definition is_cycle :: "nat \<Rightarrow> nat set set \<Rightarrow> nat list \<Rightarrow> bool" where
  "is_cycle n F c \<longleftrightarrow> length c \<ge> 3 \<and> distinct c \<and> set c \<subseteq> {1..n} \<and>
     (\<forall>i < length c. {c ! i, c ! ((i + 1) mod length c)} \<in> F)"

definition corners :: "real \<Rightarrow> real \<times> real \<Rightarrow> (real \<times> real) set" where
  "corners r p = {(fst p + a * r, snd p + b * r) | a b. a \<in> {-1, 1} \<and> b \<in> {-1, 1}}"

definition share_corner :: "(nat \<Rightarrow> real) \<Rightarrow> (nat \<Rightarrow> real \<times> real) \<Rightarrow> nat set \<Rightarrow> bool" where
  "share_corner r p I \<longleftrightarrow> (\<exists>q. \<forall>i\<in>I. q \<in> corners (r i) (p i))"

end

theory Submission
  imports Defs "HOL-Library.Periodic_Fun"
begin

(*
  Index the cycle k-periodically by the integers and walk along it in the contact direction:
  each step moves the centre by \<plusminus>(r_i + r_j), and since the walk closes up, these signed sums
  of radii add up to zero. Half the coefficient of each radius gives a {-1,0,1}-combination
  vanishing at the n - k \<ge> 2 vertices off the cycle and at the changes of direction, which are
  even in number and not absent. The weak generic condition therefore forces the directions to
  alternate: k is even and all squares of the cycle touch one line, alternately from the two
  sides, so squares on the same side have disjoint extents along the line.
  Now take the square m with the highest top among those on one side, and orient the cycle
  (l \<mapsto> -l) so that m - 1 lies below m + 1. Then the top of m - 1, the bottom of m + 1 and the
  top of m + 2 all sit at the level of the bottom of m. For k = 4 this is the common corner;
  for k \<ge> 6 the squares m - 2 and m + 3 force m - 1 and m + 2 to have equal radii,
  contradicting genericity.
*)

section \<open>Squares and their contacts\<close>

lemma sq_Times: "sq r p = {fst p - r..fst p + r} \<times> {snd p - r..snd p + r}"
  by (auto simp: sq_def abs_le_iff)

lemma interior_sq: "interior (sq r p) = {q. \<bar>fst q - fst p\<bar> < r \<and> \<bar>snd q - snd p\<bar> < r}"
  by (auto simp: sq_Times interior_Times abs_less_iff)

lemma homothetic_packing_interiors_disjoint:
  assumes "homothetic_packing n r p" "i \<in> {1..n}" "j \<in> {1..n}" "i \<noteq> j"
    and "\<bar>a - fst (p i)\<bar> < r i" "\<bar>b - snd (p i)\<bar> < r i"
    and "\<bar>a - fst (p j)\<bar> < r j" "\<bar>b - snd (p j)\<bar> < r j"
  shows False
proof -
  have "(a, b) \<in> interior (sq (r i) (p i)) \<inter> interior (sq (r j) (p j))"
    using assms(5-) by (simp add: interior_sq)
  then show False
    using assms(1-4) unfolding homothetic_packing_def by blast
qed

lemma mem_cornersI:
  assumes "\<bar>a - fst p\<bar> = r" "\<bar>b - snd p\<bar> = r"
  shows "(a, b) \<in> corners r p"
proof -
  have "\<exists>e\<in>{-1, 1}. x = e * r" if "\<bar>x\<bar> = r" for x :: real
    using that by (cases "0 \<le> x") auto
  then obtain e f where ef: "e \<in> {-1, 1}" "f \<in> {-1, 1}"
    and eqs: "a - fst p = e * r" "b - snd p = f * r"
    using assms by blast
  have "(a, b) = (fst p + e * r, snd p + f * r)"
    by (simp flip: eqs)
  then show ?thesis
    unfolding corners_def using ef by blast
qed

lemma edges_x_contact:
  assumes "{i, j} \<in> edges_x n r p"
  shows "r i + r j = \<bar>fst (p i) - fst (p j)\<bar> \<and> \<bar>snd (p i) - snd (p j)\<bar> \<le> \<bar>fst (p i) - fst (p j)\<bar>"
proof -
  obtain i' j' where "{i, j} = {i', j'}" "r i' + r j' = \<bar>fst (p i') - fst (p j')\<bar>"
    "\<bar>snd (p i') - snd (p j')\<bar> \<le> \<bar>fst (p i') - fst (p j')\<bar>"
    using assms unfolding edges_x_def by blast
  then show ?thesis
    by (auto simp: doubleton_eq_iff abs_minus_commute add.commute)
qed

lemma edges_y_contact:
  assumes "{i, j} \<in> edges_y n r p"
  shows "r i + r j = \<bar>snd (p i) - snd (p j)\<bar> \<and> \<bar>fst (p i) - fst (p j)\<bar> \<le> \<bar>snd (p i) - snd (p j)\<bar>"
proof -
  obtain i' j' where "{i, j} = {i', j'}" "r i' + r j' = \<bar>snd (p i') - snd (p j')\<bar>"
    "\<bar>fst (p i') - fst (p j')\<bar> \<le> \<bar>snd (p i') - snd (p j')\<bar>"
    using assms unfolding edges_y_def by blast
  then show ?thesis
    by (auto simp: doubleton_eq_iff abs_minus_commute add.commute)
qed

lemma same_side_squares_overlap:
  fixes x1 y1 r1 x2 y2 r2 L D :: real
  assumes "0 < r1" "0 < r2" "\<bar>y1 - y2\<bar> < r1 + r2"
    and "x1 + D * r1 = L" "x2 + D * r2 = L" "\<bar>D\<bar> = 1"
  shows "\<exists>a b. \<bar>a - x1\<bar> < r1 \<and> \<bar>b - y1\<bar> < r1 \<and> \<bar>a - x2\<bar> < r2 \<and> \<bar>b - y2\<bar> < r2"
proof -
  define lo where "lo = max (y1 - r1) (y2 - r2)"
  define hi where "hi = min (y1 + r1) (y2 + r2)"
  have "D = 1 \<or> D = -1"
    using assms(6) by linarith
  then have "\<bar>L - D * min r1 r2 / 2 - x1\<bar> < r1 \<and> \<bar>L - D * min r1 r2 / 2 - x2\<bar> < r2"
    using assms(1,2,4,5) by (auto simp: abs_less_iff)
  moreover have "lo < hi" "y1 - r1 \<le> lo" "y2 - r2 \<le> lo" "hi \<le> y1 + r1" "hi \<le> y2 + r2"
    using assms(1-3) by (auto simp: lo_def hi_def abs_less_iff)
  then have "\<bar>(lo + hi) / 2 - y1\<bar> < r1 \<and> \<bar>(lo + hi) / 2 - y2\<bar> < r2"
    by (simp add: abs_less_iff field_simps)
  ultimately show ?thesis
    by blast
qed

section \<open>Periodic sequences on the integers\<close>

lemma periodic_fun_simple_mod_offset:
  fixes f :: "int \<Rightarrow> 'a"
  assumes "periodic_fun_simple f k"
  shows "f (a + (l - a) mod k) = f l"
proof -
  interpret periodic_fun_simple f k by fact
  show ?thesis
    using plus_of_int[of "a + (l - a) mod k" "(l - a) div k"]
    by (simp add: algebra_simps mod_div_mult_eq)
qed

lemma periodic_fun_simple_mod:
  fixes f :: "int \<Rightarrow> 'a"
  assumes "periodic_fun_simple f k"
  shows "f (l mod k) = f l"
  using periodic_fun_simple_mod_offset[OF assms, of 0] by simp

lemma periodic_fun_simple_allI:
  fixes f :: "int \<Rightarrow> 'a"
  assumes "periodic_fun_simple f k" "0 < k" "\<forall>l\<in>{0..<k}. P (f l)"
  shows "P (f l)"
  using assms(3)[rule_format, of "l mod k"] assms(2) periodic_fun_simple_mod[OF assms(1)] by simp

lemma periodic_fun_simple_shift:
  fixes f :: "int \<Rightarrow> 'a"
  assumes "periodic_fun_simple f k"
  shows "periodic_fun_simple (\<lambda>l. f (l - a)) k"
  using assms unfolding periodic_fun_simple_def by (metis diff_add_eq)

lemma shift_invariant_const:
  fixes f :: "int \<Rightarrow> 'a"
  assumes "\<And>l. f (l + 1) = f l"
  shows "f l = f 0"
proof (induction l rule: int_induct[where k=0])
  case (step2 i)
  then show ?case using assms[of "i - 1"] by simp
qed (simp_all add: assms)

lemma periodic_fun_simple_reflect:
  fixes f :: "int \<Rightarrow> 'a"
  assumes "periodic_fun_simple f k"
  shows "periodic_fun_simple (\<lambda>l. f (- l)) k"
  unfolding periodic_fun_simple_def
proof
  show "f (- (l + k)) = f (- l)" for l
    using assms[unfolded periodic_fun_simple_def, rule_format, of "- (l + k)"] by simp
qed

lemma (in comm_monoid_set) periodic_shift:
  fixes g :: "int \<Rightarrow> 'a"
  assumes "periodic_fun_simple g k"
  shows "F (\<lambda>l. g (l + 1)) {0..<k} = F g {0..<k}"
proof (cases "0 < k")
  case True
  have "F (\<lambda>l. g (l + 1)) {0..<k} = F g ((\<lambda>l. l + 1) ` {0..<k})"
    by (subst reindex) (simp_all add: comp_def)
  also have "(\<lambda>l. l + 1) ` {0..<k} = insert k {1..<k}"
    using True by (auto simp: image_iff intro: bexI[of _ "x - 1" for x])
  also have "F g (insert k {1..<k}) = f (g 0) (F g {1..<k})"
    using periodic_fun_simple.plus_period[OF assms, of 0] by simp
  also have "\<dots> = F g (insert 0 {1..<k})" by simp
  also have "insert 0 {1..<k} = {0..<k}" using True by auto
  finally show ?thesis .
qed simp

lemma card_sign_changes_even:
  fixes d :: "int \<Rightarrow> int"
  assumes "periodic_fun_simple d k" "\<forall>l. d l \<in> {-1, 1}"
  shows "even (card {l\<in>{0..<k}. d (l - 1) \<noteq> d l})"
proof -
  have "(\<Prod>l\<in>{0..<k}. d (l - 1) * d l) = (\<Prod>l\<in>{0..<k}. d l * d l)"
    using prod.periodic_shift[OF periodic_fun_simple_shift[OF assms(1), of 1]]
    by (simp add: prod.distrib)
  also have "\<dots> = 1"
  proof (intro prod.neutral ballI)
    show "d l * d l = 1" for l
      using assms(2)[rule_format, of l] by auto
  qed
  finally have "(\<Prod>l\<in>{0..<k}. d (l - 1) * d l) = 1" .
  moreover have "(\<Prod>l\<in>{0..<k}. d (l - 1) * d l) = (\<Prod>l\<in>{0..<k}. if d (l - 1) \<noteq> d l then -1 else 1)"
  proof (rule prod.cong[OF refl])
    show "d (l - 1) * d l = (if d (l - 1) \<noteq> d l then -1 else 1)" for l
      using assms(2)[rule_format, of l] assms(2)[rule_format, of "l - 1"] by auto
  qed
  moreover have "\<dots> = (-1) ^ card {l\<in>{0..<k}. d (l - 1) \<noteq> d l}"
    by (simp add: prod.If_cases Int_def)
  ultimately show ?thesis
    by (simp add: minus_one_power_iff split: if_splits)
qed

- WHAT THE EXERCISE ASKS: Collect every line from the records above that contains the word "section".

- ANSWER SPACE:
section \<open>Squares and their contacts\<close>
section \<open>Periodic sequences on the integers\<close>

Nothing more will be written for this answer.